The journalist I mentioned in a previous post who currently works on her masteral thesis about setting up an OFW bank, has posed to me the following query:
“What kind of journalism would be best for making investors out of an OFW nation?”
This post is my attempt to answer the query.
Well, making investors out of OFWs is a very tall order. It is a very, very big problem.
In fact, I should say this is the biggest problem with respect to the OFW program as regards the economic side.
For anybody who attempts to take on this problem – whether journalist by profession or not – I believe two things are absolutely required:
1. The writer/journalist/opinion-maker concerned should be literate in investment in the first place or at least, he should be a keen student of investment.
2. The writer/journalist/opinion-maker concerned should study the economic problems of OFWs or better still, he experiences the life of being an OFW.

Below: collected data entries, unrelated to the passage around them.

lemma ex_near_of_close_off_shrinking:
  fixes \<theta> :: "nat \<Rightarrow> 'w \<Rightarrow> 'e::{banach,second_countable_topology}" and \<rho> \<eta> :: "'w \<Rightarrow> 'e"
  assumes L: "\<And>N. \<theta> N \<in> Lp M p" "\<rho> \<in> Lp M p" "\<eta> \<in> Lp M p" and R: "\<And>N. R N \<in> sets M"
    and shrink: "AE \<omega> in M. eventually (\<lambda>N. \<omega> \<notin> R N) sequentially"
    and outside: "\<And>N \<omega>. \<omega> \<in> space M - R N \<Longrightarrow>
      dist (\<theta> N \<omega>) (\<eta> \<omega>) < (if p = 0 then \<delta> else (\<delta>/2) powr (1/p))"
    and inside: "\<And>N \<omega>. \<omega> \<in> R N \<Longrightarrow> \<theta> N \<omega> = \<rho> \<omega>" and \<delta>: "\<delta> > 0"
  shows "\<exists>N. near (\<theta> N) \<eta> \<delta>"
proof (cases "p = 0")
  case True
  note [measurable] = L[THEN Lp_borel_measurable] R
  have "(\<lambda>N. measure M (R N)) \<longlonglongrightarrow> 0"
    using integral_indicator_tendsto_zero[of "\<lambda>_. 1", OF _ R shrink] by simp
  from order_tendstoD(2)[OF this \<delta>] obtain N where N: "measure M (R N) < \<delta>"
    by (auto simp: eventually_sequentially)
  have "measure M {\<omega>\<in>space M. norm (\<theta> N \<omega> - \<eta> \<omega>) > \<delta>} \<le> measure M (R N)"
    using outside True by (intro finite_measure_mono) (force simp: dist_norm)+
  then have "near (\<theta> N) \<eta> \<delta>" using N unfolding near_def using True by simp
  then show ?thesis by blast
next
  case False
  then have p: "p > 0" using exponent by auto
  have "(\<lambda>N. \<integral>\<omega>. indicator (R N) \<omega> * norm (\<rho> \<omega> - \<eta> \<omega>) powr p \<partial>M) \<longlonglongrightarrow> 0"
    by (rule integral_indicator_tendsto_zero[OF Lp_diff_integrable[OF L(2,3) p] R shrink])
  from order_tendstoD(2)[OF this half_gt_zero[OF \<delta>]] obtain N
    where N: "(\<integral>\<omega>. indicator (R N) \<omega> * norm (\<rho> \<omega> - \<eta> \<omega>) powr p \<partial>M) < \<delta>/2"
    by (auto simp: eventually_sequentially)
  have "((\<delta>/2) powr (1/p)) powr p = \<delta>/2" using p \<delta> by (simp add: powr_powr)
  then have "(\<integral>\<omega>. norm (\<theta> N \<omega> - \<eta> \<omega>) powr p \<partial>M) \<le> \<delta>"
    using integral_powr_diff_le[OF L(1)[of N] L(2,3) p R[of N] outside[of _ N] inside[of _ N]] N False
    by simp
  then show ?thesis using False by (auto simp: near_def)
qed

text \<open>Outside R N some \<phi> j with j < N is \<epsilon>-close to \<eta>, and patching puts such a \<phi> j
  in; by density, R N decreases to a null set.\<close>

lemma ex_near_in_mix_closed:
  fixes D :: "('w \<Rightarrow> 'e::{banach,second_countable_topology}) set" and \<phi> :: "nat \<Rightarrow> 'w \<Rightarrow> 'e"
  assumes D: "mix_closed D" "D \<subseteq> Lp M p" and \<phi>: "\<And>j. \<phi> j \<in> D" and \<eta>: "\<eta> \<in> Lp M p"
    and dense: "AE \<omega> in M. \<eta> \<omega> \<in> closure (range (\<lambda>j. \<phi> j \<omega>))" and \<delta>: "\<delta> > 0"
  shows "\<exists>\<theta>\<in>D. near \<theta> \<eta> \<delta>"
proof -
  have \<phi>L: "\<phi> j \<in> Lp M p" for j using \<phi> D(2) by blast
  note [measurable] = \<phi>L[THEN Lp_borel_measurable] Lp_borel_measurable[OF \<eta>]
  define \<epsilon> where "\<epsilon> = (if p = 0 then \<delta> else (\<delta>/2) powr (1/p))"
  have \<epsilon>: "\<epsilon> > 0" using \<delta> by (simp add: \<epsilon>_def)
  define C where "C j = {\<omega>\<in>space M. dist (\<phi> j \<omega>) (\<eta> \<omega>) < \<epsilon>}" for j
  define R where "R N = space M - (\<Union>j<N. C j)" for N
  have C[measurable]: "C j \<in> sets M" for j unfolding C_def by measurable
  have R[measurable]: "R N \<in> sets M" for N unfolding R_def by measurable
  have \<theta>D: "patch \<phi> C N \<in> D" for N using patch_mem[OF D(1) \<phi> C] .
  have shrink: "AE \<omega> in M. eventually (\<lambda>N. \<omega> \<notin> R N) sequentially"
    using dense
  proof eventually_elim
    case (elim \<omega>)
    then obtain j where "dist (\<phi> j \<omega>) (\<eta> \<omega>) < \<epsilon>" using \<epsilon> unfolding closure_approachable by blast
    then have "\<omega> \<notin> R N" if "j < N" for N using that by (auto simp: R_def C_def)
    then show ?case unfolding eventually_sequentially by (metis Suc_le_eq)
  qed
  have "\<exists>N. near (patch \<phi> C N) \<eta> \<delta>"
  proof (rule ex_near_of_close_off_shrinking[OF _ \<phi>L \<eta> R shrink _ _ \<delta>])
    show "patch \<phi> C N \<in> Lp M p" for N using \<theta>D D(2) by blast
    show "dist (patch \<phi> C N \<omega>) (\<eta> \<omega>) < (if p = 0 then \<delta> else (\<delta>/2) powr (1/p))"
      if "\<omega> \<in> space M - R N" for N \<omega>
      using patch_apply[of \<omega> N C \<phi>] that by (auto simp: R_def C_def \<epsilon>_def)
    show "patch \<phi> C N \<omega> = \<phi> 0 \<omega>" if "\<omega> \<in> R N" for N \<omega>
      using patch_apply[of \<omega> N C \<phi>] that by (auto simp: R_def)
  qed
  then show ?thesis using \<theta>D by blast
qed

lemma Lp_sel_closure_range_subset:
  fixes D :: "('w \<Rightarrow> 'e::{banach,second_countable_topology}) set" and \<phi> :: "nat \<Rightarrow> 'w \<Rightarrow> 'e"
  assumes D: "mix_closed D" "D \<subseteq> Lp M p" "clp M p D \<subseteq> D" and \<phi>: "\<And>j. \<phi> j \<in> D"
  shows "Lp_sel M p (\<lambda>\<omega>. closure (range (\<lambda>j. \<phi> j \<omega>))) \<subseteq> D"
proof
  fix \<eta> assume "\<eta> \<in> Lp_sel M p (\<lambda>\<omega>. closure (range (\<lambda>j. \<phi> j \<omega>)))"
  then have \<eta>: "\<eta> \<in> Lp M p" and dense: "AE \<omega> in M. \<eta> \<omega> \<in> closure (range (\<lambda>j. \<phi> j \<omega>))"
    by (auto simp: Lp_sel_def)
  have "\<exists>\<theta>\<in>D. near \<theta> \<eta> (1 / (real m + 1))" for m
    by (rule ex_near_in_mix_closed[OF D(1,2) \<phi> \<eta> dense]) simp
  then obtain \<theta> where \<theta>: "\<And>m. \<theta> m \<in> D" "\<And>m. near (\<theta> m) \<eta> (1 / (real m + 1))" by metis
  have \<theta>L: "\<theta> m \<in> Lp M p" for m using \<theta>(1) D(2) by blast
  have "conv_p M p \<theta> \<eta>"
    using conv_p_of_near[OF Lp_borel_measurable[OF \<theta>L] Lp_borel_measurable[OF \<eta>] \<theta>(2)] .
  then show "\<eta> \<in> D" using \<theta>(1) \<eta> D(3) by (auto simp: clp_def)
qed

lemma mix_closed_AE_mem_closure_minimizers:
  fixes D :: "('w \<Rightarrow> 'e::{banach,second_countable_topology}) set"
    and e :: "nat \<Rightarrow> 'e" and \<psi> :: "nat \<Rightarrow> nat \<Rightarrow> 'w \<Rightarrow> 'e"
  assumes D: "mix_closed D" "D \<subseteq> borel_measurable M"
    and e: "\<forall>x r. r > 0 \<longrightarrow> (\<exists>k. dist x (e k) < r)"
    and \<psi>: "\<And>k n. \<psi> k n \<in> D"
    and lower: "\<And>k \<zeta>. \<zeta> \<in> D \<Longrightarrow> a k \<le> (\<integral>\<omega>. trunc_dist (e k) \<zeta> \<omega> \<partial>M)"
    and lim: "\<And>k. (\<lambda>n. \<integral>\<omega>. trunc_dist (e k) (\<psi> k n) \<omega> \<partial>M) \<longlonglongrightarrow> a k"
    and \<xi>: "\<xi> \<in> D"
  shows "AE \<omega> in M. \<xi> \<omega> \<in> closure {\<psi> k n \<omega> | k n. True}"
proof -
  have below: "AE \<omega> in M. \<exists>n. trunc_dist (e k) (\<psi> k n) \<omega> < trunc_dist (e k) \<xi> \<omega> + 1 / (real j + 1)"
    for k j by (rule minimizing_sequence_AE_below[OF D \<psi> lower lim \<xi>]) auto
  have "AE \<omega> in M. \<forall>k j. \<exists>n. trunc_dist (e k) (\<psi> k n) \<omega> < trunc_dist (e k) \<xi> \<omega> + 1 / (real j + 1)"
    by (simp add: AE_all_countable below)
  then show ?thesis
  proof eventually_elim
    case (elim \<omega>)
    then show ?case by (intro closure_by_dense_sequence[OF e]) (fastforce simp: trunc_dist_def)
  qed
qed

text \<open>The Hiai--Umegaki representation: F is the pointwise closure of the values of
  minimizing sequences for the expected truncated distances to a dense sequence.\<close>

lemma ex_closed_random_set_Lp_sel:
  fixes D :: "('w \<Rightarrow> 'e::{banach,second_countable_topology}) set"
  assumes D: "D \<noteq> {}" "mix_closed D" "D \<subseteq> Lp M p" "clp M p D \<subseteq> D"
  shows "\<exists>F. closed_random_set M F \<and> D = Lp_sel M p F"
proof -
  have DM: "D \<subseteq> borel_measurable M" using D(3) Lp_borel_measurable by blast
  obtain e :: "nat \<Rightarrow> 'e" where e: "\<forall>x r. r > 0 \<longrightarrow> (\<exists>k. dist x (e k) < r)"
    using ex_dense_sequence by blast
  define f where "f k \<zeta> = (\<integral>\<omega>. trunc_dist (e k) \<zeta> \<omega> \<partial>M)" for k \<zeta>
  have bdd: "bdd_below (f k ` D)" for k
    by (intro bdd_belowI[of _ 0]) (auto simp: f_def trunc_dist_def)
  have "\<forall>k. \<exists>x. (\<forall>n. x n \<in> D) \<and> (\<lambda>n. f k (x n)) \<longlonglongrightarrow> Inf (f k ` D)"
    using ex_minimizing_sequence[OF D(1) bdd] by blast
  then obtain \<psi> where \<psi>: "\<And>k n. \<psi> k n \<in> D" "\<And>k. (\<lambda>n. f k (\<psi> k n)) \<longlonglongrightarrow> Inf (f k ` D)"
    by metis
  define \<phi> where "\<phi> j = \<psi> (fst (prod_decode j)) (snd (prod_decode j))" for j
  have \<phi>: "\<phi> j \<in> D" for j using \<psi>(1) by (simp add: \<phi>_def)
  have range_\<phi>: "range (\<lambda>j. \<phi> j \<omega>) = {\<psi> k n \<omega> | k n. True}" for \<omega>
    unfolding \<phi>_def by (auto intro!: image_eqI[of _ _ "prod_encode (k, n)" for k n])
  define F where "F \<omega> = closure (range (\<lambda>j. \<phi> j \<omega>))" for \<omega>
  have "closed_random_set M F"
    unfolding F_def using \<phi> DM by (intro closed_random_set_closure_range) blast
  moreover have "D \<subseteq> Lp_sel M p F"
  proof
    fix \<xi> assume \<xi>: "\<xi> \<in> D"
    have "AE \<omega> in M. \<xi> \<omega> \<in> F \<omega>"
      unfolding F_def range_\<phi>
      by (rule mix_closed_AE_mem_closure_minimizers[OF D(2) DM e \<psi>(1) _ \<psi>(2)[unfolded f_def] \<xi>])
        (use bdd in \<open>auto simp: f_def intro: cInf_lower\<close>)
    then show "\<xi> \<in> Lp_sel M p F" using \<xi> D(3) by (auto simp: Lp_sel_def)
  qed
  moreover have "Lp_sel M p F \<subseteq> D"
    unfolding F_def by (rule Lp_sel_closure_range_subset[OF D(2,3,4) \<phi>])
  ultimately show ?thesis by blast
qed

section \<open>Choquet decomposability\<close>

lemma ex_is_FA:
  fixes A :: "('w \<Rightarrow> 'e::{banach,second_countable_topology}) set"
  assumes A: "A \<subseteq> Lp M p" "A \<noteq> {}"
  shows "\<exists>F. is_FA M p A F"
  using ex_closed_random_set_Lp_sel[of "clp M p (dec M A)"] subset_clp_dec[OF A(1)] A(2)
    mix_closed_clp_dec[OF A(1)] clp_subset_Lp clp_clp[OF dec_subset_Lp[OF A(1)]]
  unfolding is_FA_def by blast

lemma choquet_decomposable_iff_clp_dec:
  fixes A :: "('w \<Rightarrow> 'e::{banach,second_countable_topology}) set"
  assumes A: "A \<subseteq> Lp M p" "A \<noteq> {}"
  shows "choquet_decomposable M p A \<longleftrightarrow> (\<forall>\<xi>\<in>clp M p (dec M A). ae_mem M \<xi> A)"
proof
  assume ch: "choquet_decomposable M p A"
  obtain F where F: "closed_random_set M F" "clp M p (dec M A) = Lp_sel M p F"
    using ex_is_FA[OF A] unfolding is_FA_def by blast
  show "\<forall>\<xi>\<in>clp M p (dec M A). ae_mem M \<xi> A"
  proof
    fix \<xi> assume "\<xi> \<in> clp M p (dec M A)"
    then have \<xi>: "\<xi> \<in> Lp M p" "AE \<omega> in M. \<xi> \<omega> \<in> F \<omega>" using F(2) by (auto simp: Lp_sel_def)
    show "ae_mem M \<xi> A"
      using ch F return_kernel_in_Kdelta[OF \<xi>(1) F(1) \<xi>(2)] barycenter_return[OF \<xi>(1)]
      unfolding choquet_decomposable_def is_FA_def by blast
  qed
next
  assume sub: "\<forall>\<xi>\<in>clp M p (dec M A). ae_mem M \<xi> A"
  show "choquet_decomposable M p A"
    unfolding choquet_decomposable_def
  proof (intro allI impI ballI)
    fix F K Y assume F: "is_FA M p A F" and K: "K \<in> Kdelta M p F" and Y: "barycenter M p K Y"
    have "Y \<in> Lp_sel M p F"
      using Kdelta_barycenter_AE_mem[OF K Y] F Y by (auto simp: Lp_sel_def barycenter_def is_FA_def)
    then show "ae_mem M Y A" using F sub unfolding is_FA_def by blast
  qed
qed

lemma decomposable_strongly_closed_iff_clp_dec:
  fixes A :: "('w \<Rightarrow> 'e::{banach,second_countable_topology}) set"
  assumes A: "A \<subseteq> Lp M p"
  shows "decomposable M A \<and> strongly_closed M p A \<longleftrightarrow> (\<forall>\<xi>\<in>clp M p (dec M A). ae_mem M \<xi> A)"
proof
  assume "decomposable M A \<and> strongly_closed M p A"
  then have dA: "decomposable M A" and sc: "strongly_closed M p A" by auto
  show "\<forall>\<xi>\<in>clp M p (dec M A). ae_mem M \<xi> A"
  proof
    fix \<xi> assume "\<xi> \<in> clp M p (dec M A)"
    then obtain X where X: "\<And>n. X n \<in> dec M A" "conv_p M p X \<xi>" and \<xi>: "\<xi> \<in> Lp M p"
      by (auto simp: clp_def)
    obtain Z where Z: "\<And>n. Z n \<in> A" "\<And>n. ae_eq M (X n) (Z n)"
      using decomposable_dec_AE_mem[OF dA X(1)] unfolding ae_mem_def by metis
    have XL: "X n \<in> Lp M p" and ZL: "Z n \<in> Lp M p" for n
      using X(1) Z(1) dec_subset_Lp[OF A(1)] A(1) by auto
    have "conv_p M p Z \<xi>"
      using conv_p_cong_AE[of X Z \<xi> \<xi>, OF Lp_borel_measurable[OF XL] Lp_borel_measurable[OF ZL] _
          Lp_borel_measurable[OF \<xi>] Lp_borel_measurable[OF \<xi>]] X(2) Z(2)
      by (simp add: ae_eq_def)
    then have "\<xi> \<in> clp M p A" using Z(1) \<xi> by (auto simp: clp_def)
    then show "ae_mem M \<xi> A" using sc unfolding strongly_closed_def by blast
  qed
next
  assume sub: "\<forall>\<xi>\<in>clp M p (dec M A). ae_mem M \<xi> A"
  have "decomposable M A"
    unfolding decomposable_iff_mix
    using mix_closed_clp_dec[OF A(1)] subset_clp_dec[OF A(1)] sub unfolding mix_closed_def by blast
  moreover have "clp M p A \<subseteq> clp M p (dec M A)"
    using clp_mono[OF subset_clp_dec[OF A(1)]] clp_clp[OF dec_subset_Lp[OF A(1)]] by blast
  then have "strongly_closed M p A"
    using clp_superset[OF A(1)] sub unfolding strongly_closed_def ae_mem_def ae_eq_def by auto
  ultimately show "decomposable M A \<and> strongly_closed M p A" by blast
qed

Let us discuss these one by one.
1 The writer should be literate in, or a student of investment
One can never make intelligent or meaningful opinions about investment or how people/OFWs become investors unless he is investment literate himself or at least he has been studying about investment.
The knowledge about investment serves as anchor or guide by which the writer/journalist is able to study and understand the economic situation of OFWs and is able to give meaningful suggestions on what needs to be done.
Anybody can make opinions, but opinions of those who are not literate in investment and who have not really studied will not have much meaning. It will just be like the blind trying to preach to the blind.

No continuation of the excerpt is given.